En tiempos donde la desconfianza ciudadana hacia la política es creciente, urge hacernos una pregunta de fondo: ¿quiénes nos representan realmente? Y más aún, ¿con qué preparación, formación y responsabilidad están ejerciendo el poder?

En México, y en muchos rincones de América Latina, la política ha sido por años un espacio donde prevalecen las cuotas de poder y el oportunismo sobre la preparación, la experiencia y el compromiso social. No es raro ver cómo personas sin trayectoria ni formación alguna en temas públicos, acceden a cargos de alta responsabilidad en cabildos, congresos locales, el Senado o la Cámara de Diputados.

Esta carencia de profesionalización en la política no es un asunto menor ni anecdótico, es en muchos casos, la raíz de decisiones públicas mal planeadas, programas fallidos y reformas que terminan perjudicando más de lo que solucionan.

Cuando el acceso al poder se determina más por la cercanía con un partido, amistades personales, compadrazgos o repartos de cuotas políticas, que por la preparación, la trayectoria o la vocación de servicio, el resultado es inevitable: la improvisación se instala en los espacios donde se toman decisiones cruciales para la ciudadanía. Y ese costo no lo paga quien ocupa el cargo, lo paga la sociedad entera.

La profesionalización política no debe confundirse con elitismo, no se trata de exigir títulos universitarios para gobernar, sino de promover que quienes ocupen cargos públicos cuenten con la formación, el conocimiento técnico, la sensibilidad social y la experiencia para ejercer su función con responsabilidad y empatía, y sí, también con vocación.

Desde mi experiencia en el ámbito político, he sido testigo del impacto que tiene un liderazgo bien preparado frente a uno que improvisa: en la manera de legislar, en cómo se escuchan a los ciudadanos, en cómo se resuelven problemas complejos con visión de largo plazo. La diferencia no es estética: es estructural.

Apostemos por una clase política preparada, ética, empática y profesional.

Así como nadie confiaría en un médico que nunca estudió medicina, tampoco deberíamos aceptar que se legisle o se administre un municipio, un Estado o una nación sin el más mínimo conocimiento del derecho, la administración pública, las finanzas, el desarrollo social o la planeación educativa.

Además, profesionalizar la política también implica formar equipos técnicos, promover la rendición de cuentas, eliminar el nepotismo y garantizar el acceso a cargos públicos en condiciones de equidad y meritocracia, es urgente que las y los diputados, senadores, presidentes municipales y funcionarios comprendan que su encargo no es un botín, sino una responsabilidad frente al pueblo.
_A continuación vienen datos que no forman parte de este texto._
lemma interior_frontier_compact:
  fixes gs ps :: "('n::finite) rpoly list"
  assumes cK: "compact (Kset gs ps)" and ne: "Kset gs ps \<noteq> {}" and f: "f \<in> polys_le d"
  shows "(deltaK (Kset gs ps) f > 0 \<longleftrightarrow>
            f \<in> top_of_set (polys_le d) interior_of Pd d (Kset gs ps)) \<and>
         (deltaK (Kset gs ps) f = 0 \<longleftrightarrow>
            f \<in> top_of_set (polys_le d) frontier_of Pd d (Kset gs ps))"
proof -
  let ?A = "exps_le d :: ('n::finite \<Rightarrow> nat) set"
  have Pd: "Pd d (Kset gs ps) = nonneg_cone ?A mono (Kset gs ps)"
    by (auto simp: Pd_def nonneg_cone_def polys_le_eq_coeff_space[symmetric] peval_eq_lincomb)
  have zero: "(\<lambda>_. 0) \<in> ?A" by (simp add: exps_le_def mdeg_zero)
  have witness: "\<exists>h\<in>coeff_space ?A. 0 < lincomb ?A mono h x" for x :: "real^'n"
    by (intro bexI[OF _ single_in_coeff_space[OF zero, of 1]])
      (simp add: lincomb_single[OF finite_exps_le zero] mono_zero)
  have "continuous_on (Kset gs ps) (mono \<alpha>)" for \<alpha>
    using continuous_on_mono[OF continuous_on_id] by simp
  with f show ?thesis
    unfolding deltaK_def peval_eq_lincomb[OF f] Pd polys_le_eq_coeff_space
    by (intro nonneg_cone_interior_frontier[OF finite_exps_le cK ne _ witness])
qed

lemma interior_frontier_closed_at_infinity:
  fixes gs ps :: "('n::finite) rpoly list"
  assumes gs: "\<forall>g\<in>set gs. is_poly g" and ps: "\<forall>p\<in>set ps. is_poly p"
    and ne: "Kset gs ps \<noteq> {}" and cl: "closed_at_infinity (Khset gs ps)" and f: "f \<in> polys_le d"
  shows "(deltaKh gs ps d f > 0 \<longleftrightarrow>
            f \<in> top_of_set (polys_le d) interior_of Pd d (Kset gs ps)) \<and>
         (deltaKh gs ps d f = 0 \<longleftrightarrow>
            f \<in> top_of_set (polys_le d) frontier_of Pd d (Kset gs ps))"
proof -
  let ?A = "exps_le d :: ('n::finite \<Rightarrow> nat) set"
  have Pd: "Pd d (Kset gs ps) = nonneg_cone ?A (hmono d) (Khsphere gs ps)"
    using nonneg_on_K_iff_homog_nonneg[OF gs ps cl]
    by (auto simp: Pd_def nonneg_cone_def polys_le_eq_coeff_space[symmetric] homog_eq_lincomb)
  have delta: "deltaKh gs ps d f = Inf (lincomb ?A (hmono d) f ` Khsphere gs ps)"
    unfolding deltaKh_def Khsphere_def homog_eq_lincomb[OF f] ..
  have "Khsphere gs ps \<noteq> {}" using ne normalized_point_in_Khsphere[OF gs ps] by blast
  with f show ?thesis
    unfolding delta Pd polys_le_eq_coeff_space
    by (intro nonneg_cone_interior_frontier[OF finite_exps_le compact_Khsphere _
        continuous_on_hmono hmono_witness])
qed
lemma wt_vertex_le_imp_vertex:
  assumes z: "z \<in> V"
  shows "wt_vertex V E z \<le> imp_vertex V I z"
proof -
  define NE where "NE = {C \<in> local_comps V E z. \<not> exterior E z C}"
  have inner_NE: "inner_comps z \<subseteq> NE"
    using inner_not_exterior[OF z] unfolding NE_def inner_comps_def by auto
  have finite_NE: "finite NE" using finite_local_comps unfolding NE_def by simp
  have inner_sub: "inner_comps z \<subseteq> local_comps V E z" unfolding inner_comps_def by auto
  have "card (local_comps V E z - inner_comps z) = card (local_comps V E z) - card (inner_comps z)"
    by (rule card_Diff_subset[OF finite_subset[OF inner_sub finite_local_comps] inner_sub])
  then have many_inner: "card (local_comps V E z) - 2 \<le> card (inner_comps z)"
    using card_outer_comps[OF z] by linarith
  have "image_mset card (mset_set (inner_comps z)) \<subseteq># image_mset card (mset_set NE)"
    by (rule image_mset_subseteq_mono[OF subset_imp_msubset_mset_set[OF inner_NE finite_NE]])
  then have "wt_vertex V E z \<le> sum_mset (image_mset card (mset_set (inner_comps z)))"
    unfolding wt_vertex_def Let_def NE_def[symmetric]
    by (rule sum_smallest_le_sum_submultiset) (simp add: many_inner)
  also have "\<dots> = (\<Sum>C\<in>inner_comps z. card C)" by (simp add: sum_unfold_sum_mset)
  also have "\<dots> \<le> imp_vertex V I z" by (rule sum_inner_orders_le[OF z])
  finally show ?thesis .
qed
lemma sum_le_Delta_of_cyclic_partition:
  assumes "d \<in> D_PTIN K \<alpha> S" "cyclic_partition K S ps"
  shows "(\<Sum>k\<in>S. d k) \<le> (\<Sum>\<pi>\<leftarrow>ps. Delta \<alpha> \<pi>)"
proof -
  have ps: "distinct (concat ps)" "set (concat ps) = S" "\<forall>\<pi>\<in>set ps. is_cycle K \<pi>"
    using assms(2) by (auto simp: cyclic_partition_def)
  then have "(\<Sum>k\<in>S. d k) = (\<Sum>\<pi>\<leftarrow>ps. \<Sum>k\<in>set \<pi>. d k)"
    using sum_set_concat by metis
  also have "\<dots> \<le> (\<Sum>\<pi>\<leftarrow>ps. Delta \<alpha> \<pi>)"
    using assms(1) ps by (intro sum_list_mono) (auto simp: D_PTIN_def)
  finally show ?thesis .
qed

lemma p_optimalI:
  assumes "cyclic_partition K S ps" "d \<in> D_PTIN K \<alpha> S" "(\<Sum>k\<in>S. d k) = (\<Sum>\<pi>\<leftarrow>ps. Delta \<alpha> \<pi>)"
  shows "p_optimal K \<alpha> S ps"
proof -
  have "D_Sigma_PTIN K \<alpha> S = (\<Sum>\<pi>\<leftarrow>ps. Delta \<alpha> \<pi>)"
    unfolding D_Sigma_PTIN_def
    using assms sum_le_Delta_of_cyclic_partition[OF _ assms(1)]
    by (intro cSup_eq_maximum) force+
  then show ?thesis using assms(1) by (simp add: p_optimal_def)
qed
(* Let $T_t$ be an aperiodic ergodic measure-preserving flow on a standard probability space $(X,m)$, and let $\varphi:(0,\infty)\to(0,\infty)$ satisfy $\varphi(t)\to0$ as $t\to+\infty$. Then there exists $f\in L_1(X,m)$ with $\int_X f\,dm=0$ such that for almost every $x\in X$ $$\limsup_{t\to+\infty}\frac{1}{\varphi(t)}|A(f,t,x)|=+\infty.$$
   Context: A flow is aperiodic if almost every point is not periodic (there is no $t>0$ with $T_tx=x$). Birkhoff average: $A(f,t,x)=\frac1t\int_0^t f(T_sx)\,ds$. *)

theory Defs
  imports "HOL-Probability.Probability"
begin

definition standard_prob_space :: "'a::polish_space measure \<Rightarrow> bool" where
  "standard_prob_space M \<longleftrightarrow> prob_space M \<and> sets M = sets (borel :: 'a measure)"

definition mp_flow :: "'a measure \<Rightarrow> (real \<Rightarrow> 'a \<Rightarrow> 'a) \<Rightarrow> bool" where
  "mp_flow M T \<longleftrightarrow>
     (\<lambda>(t, x). T t x) \<in> measurable (lborel \<Otimes>\<^sub>M M) M
   \<and> (\<forall>x\<in>space M. T 0 x = x)
   \<and> (\<forall>s t. \<forall>x\<in>space M. T (s + t) x = T s (T t x))
   \<and> (\<forall>t. T t \<in> measurable M M \<and> distr M M (T t) = M)"

definition ergodic_flow :: "'a measure \<Rightarrow> (real \<Rightarrow> 'a \<Rightarrow> 'a) \<Rightarrow> bool" where
  "ergodic_flow M T \<longleftrightarrow>
     (\<forall>A\<in>sets M. (\<forall>t. T t -` A \<inter> space M = A) \<longrightarrow> measure M A = 0 \<or> measure M A = 1)"

definition aperiodic_flow :: "'a measure \<Rightarrow> (real \<Rightarrow> 'a \<Rightarrow> 'a) \<Rightarrow> bool" where
  "aperiodic_flow M T \<longleftrightarrow> (AE x in M. \<forall>t>0. T t x \<noteq> x)"

definition birkhoff_avg :: "(real \<Rightarrow> 'a \<Rightarrow> 'a) \<Rightarrow> ('a \<Rightarrow> real) \<Rightarrow> real \<Rightarrow> 'a \<Rightarrow> real" where
  "birkhoff_avg T f t x = (1 / t) * (LBINT s=0..t. f (T s x))"

end

theory Submission
  imports Defs
begin

text \<open>
  Take \<open>f = h - h \<circ> T\<^sub>1\<close> with \<open>h = \<Sum>\<^sub>j w\<^sub>j 1\<^bsub>D\<^sub>j\<^esub>\<close> integrable; then \<open>\<integral> f = 0\<close> and
  \<open>t A(f, t, x) = \<integral>\<^sub>0\<^sup>1 h(T\<^sub>s x) ds - \<integral>\<^sub>t\<^sup>t\<^sup>+\<^sup>1 h(T\<^sub>s x) ds\<close>. The sets \<open>D\<^sub>j\<close> have measure
  \<open>O(1 / L\<^sub>j)\<close>, yet almost every orbit spends a whole unit time interval in \<open>D\<^sub>j\<close> somewhere in
  \<open>[N\<^sub>j, N\<^sub>j + L\<^sub>j]\<close>, for all large \<open>j\<close> (Borel-Cantelli). There the window integral is at least
  \<open>w\<^sub>j\<close>, so \<open>|A(f, \<tau>, x)| \<ge> w\<^sub>j / (2 \<tau>)\<close>, which beats \<open>j \<phi>(\<tau>)\<close> when \<open>\<phi> \<le> 4\<^sup>-\<^sup>j\<close> beyond \<open>N\<^sub>j\<close>
  and \<open>w\<^sub>j \<approx> j (N\<^sub>j + L\<^sub>j) / 4\<^sup>j\<close>; the latter choice keeps \<open>\<Sum> w\<^sub>j \<mu>(D\<^sub>j)\<close> finite.

  The sets \<open>D\<^sub>j\<close> come from a Rokhlin-type tower. Aperiodicity yields a set \<open>D\<close> of positive
  measure that is not revisited at times in \<open>[1, L + 3]\<close>: occupation times of countably many
  basic open sets separate \<open>x\<close> from \<open>T\<^sub>s x\<close>, uniformly for \<open>s \<in> [1, L]\<close>, on a set of positive
  measure. By ergodicity almost every orbit visits \<open>D\<close>; the points whose first visit happens at
  a time in \<open>[k L, k L + 1)\<close> form the floors of a tower of measure at most \<open>5 / L\<close>, and almost
  every orbit that does not visit \<open>D\<close> during \<open>[0, 1)\<close> spends a unit time interval in the tower
  before time \<open>L + 1\<close>.
\<close>

lemma lborel_inner_closed:
  fixes S :: "real set"
  assumes "S \<in> sets borel" "0 < e"
  shows "\<exists>F. closed F \<and> F \<subseteq> S \<and> emeasure lborel (S - F) < ennreal e"
proof -
  have "S \<in> sets lebesgue" using assms(1) by (simp add: sets_completionI_sets)
  then obtain F where F: "closed F" "F \<subseteq> S" "emeasure lebesgue (S - F) < ennreal e"
    using sets_lebesgue_inner_closed assms(2) by metis
  have "S - F \<in> sets borel" using assms(1) borel_closed[OF F(1)] by (rule sets.Diff)
  then have "emeasure lebesgue (S - F) = emeasure lborel (S - F)"
    by (simp add: emeasure_completion main_part_sets)
  with F show ?thesis by auto
qed
section \<open>Univalent maps into the sphere and inverse branches\<close>

lemma sph_holomorphic_reciprocal:
  assumes U: "open U" and S: "sph_holomorphic_on S U" and omit: "\<forall>w\<in>U. S w \<noteq> Some b"
  shows "(\<lambda>w. case S w of None \<Rightarrow> 0 | Some v \<Rightarrow> 1 / (v - b)) holomorphic_on U"
proof -
  define g where "g w = (case S w of None \<Rightarrow> 0 | Some v \<Rightarrow> 1 / (v - b))" for w
  have "\<exists>e>0. g holomorphic_on ball z e" if z: "z \<in> U" for z
  proof -
    obtain r h where r: "r > 0" and holh: "h holomorphic_on ball z r"
      and chart: "(\<forall>w\<in>ball z r. S w = Some (h w)) \<or>
        (\<forall>w\<in>ball z r. (h w = 0 \<longrightarrow> S w = None) \<and> (h w \<noteq> 0 \<longrightarrow> S w = Some (1 / h w)))"
      using S z unfolding sph_holomorphic_on_def by blast
    obtain r' where r': "r' > 0" "ball z r' \<subseteq> U"
      using U z openE by blast
    define s where "s = min r r'"
    have s: "ball z s \<subseteq> ball z r" "ball z s \<subseteq> U"
      using r' by (auto simp: s_def)
    have "s > 0"
      using r r'(1) by (simp add: s_def)
    from chart have "g holomorphic_on ball z s"
    proof
      assume c: "\<forall>w\<in>ball z r. S w = Some (h w)"
      have "h w \<noteq> b" if "w \<in> ball z s" for w
        using c omit s that by force
      then have "(\<lambda>w. 1 / (h w - b)) holomorphic_on ball z s"
        using holomorphic_on_subset[OF holh s(1)] by (intro holomorphic_intros) auto
      then show ?thesis
        by (rule holomorphic_transform) (use c s in \<open>auto simp: g_def\<close>)
    next
      assume c: "\<forall>w\<in>ball z r. (h w = 0 \<longrightarrow> S w = None) \<and> (h w \<noteq> 0 \<longrightarrow> S w = Some (1 / h w))"
      have nb: "1 - b * h w \<noteq> 0" if "w \<in> ball z s" for w
      proof
        assume bh: "1 - b * h w = 0"
        then have "h w \<noteq> 0"
          by auto
        then have "h w \<noteq> 0" "1 / h w = b"
          using bh by (simp_all add: field_simps)
        then show False
          using c omit s that by force
      qed
      then have "(\<lambda>w. h w / (1 - b * h w)) holomorphic_on ball z s"
        using holomorphic_on_subset[OF holh s(1)] by (intro holomorphic_intros) auto
      moreover have "h w / (1 - b * h w) = g w" if "w \<in> ball z s" for w
        using c s that nb[OF that] by (cases "h w = 0") (auto simp: g_def field_simps)
      ultimately show ?thesis
        by (rule holomorphic_transform)
    qed
    then show ?thesis
      using \<open>s > 0\<close> by blast
  qed
  then have "g analytic_on U"
    by (simp add: analytic_on_def)
  then show ?thesis
    unfolding g_def by (rule analytic_imp_holomorphic)
qed

lemma inj_on_sph_reciprocal:
  fixes S :: "complex \<Rightarrow> sphere"
  assumes "inj_on S U" "\<forall>w\<in>U. S w \<noteq> Some b"
  shows "inj_on (\<lambda>w. case S w of None \<Rightarrow> 0 | Some v \<Rightarrow> 1 / (v - b)) U"
proof -
  have "inj_on (\<lambda>x. case x of None \<Rightarrow> 0 | Some v \<Rightarrow> 1 / (v - b)) (- {Some b})"
    by (auto simp: inj_on_def split: option.splits)
  then have "inj_on (\<lambda>x. case x of None \<Rightarrow> 0 | Some v \<Rightarrow> 1 / (v - b)) (S ` U)"
    by (rule inj_on_subset) (use assms(2) in auto)
  then show ?thesis
    using comp_inj_on[OF assms(1)] by (simp add: o_def)
qed

lemma deriv_shifted_reciprocal:
  assumes U: "open U" and g: "g holomorphic_on U" and y: "y \<in> U" "g y \<noteq> 0"
    and f: "\<And>w. w \<in> U \<Longrightarrow> g w \<noteq> 0 \<Longrightarrow> f w = b + 1 / g w"
  shows "deriv f y = - deriv g y / g y ^ 2"
proof -
  define V where "V = U \<inter> g -` (- {0})"
  have V: "open V" "y \<in> V"
    using continuous_open_preimage[OF holomorphic_on_imp_continuous_on[OF g] U, of "- {0}"] y
    by (auto simp: V_def)
  have "((\<lambda>w. b + 1 / g w) has_field_derivative - deriv g y / g y ^ 2) (at y)"
    using holomorphic_derivI[OF g U y(1)] y(2)
    by (auto intro!: derivative_eq_intros simp: power2_eq_square field_simps)
  then have "(f has_field_derivative - deriv g y / g y ^ 2) (at y)"
    by (rule has_field_derivative_transform_within_open[OF _ V]) (auto simp: V_def f)
  then show ?thesis
    by (rule DERIV_imp_deriv)
qed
Los retos que enfrenta México —en salud, seguridad, educación, economía y medio ambiente— no se resuelven con ocurrencias ni frases vacías. Se resuelven con conocimiento, preparación, y sobre todo, voluntad de servir por encima de intereses partidistas o personales.

Porque no se trata solo de ocupar un cargo: se trata de honrarlo con capacidad, integridad y vocación de servicio. Solo así construiremos una política que no divida, que no discrimine y que trabaje en serio por el bien común.
Una democracia sólida se construye con ciudadanos informados y representantes capaces.

La profesionalización de la política no puede seguir siendo opcional. Es hora de exigir perfiles con formación, compromiso ético y visión de futuro en todos los niveles de gobierno. Solo así será posible avanzar hacia un ejercicio público digno, efectivo y verdaderamente representativo.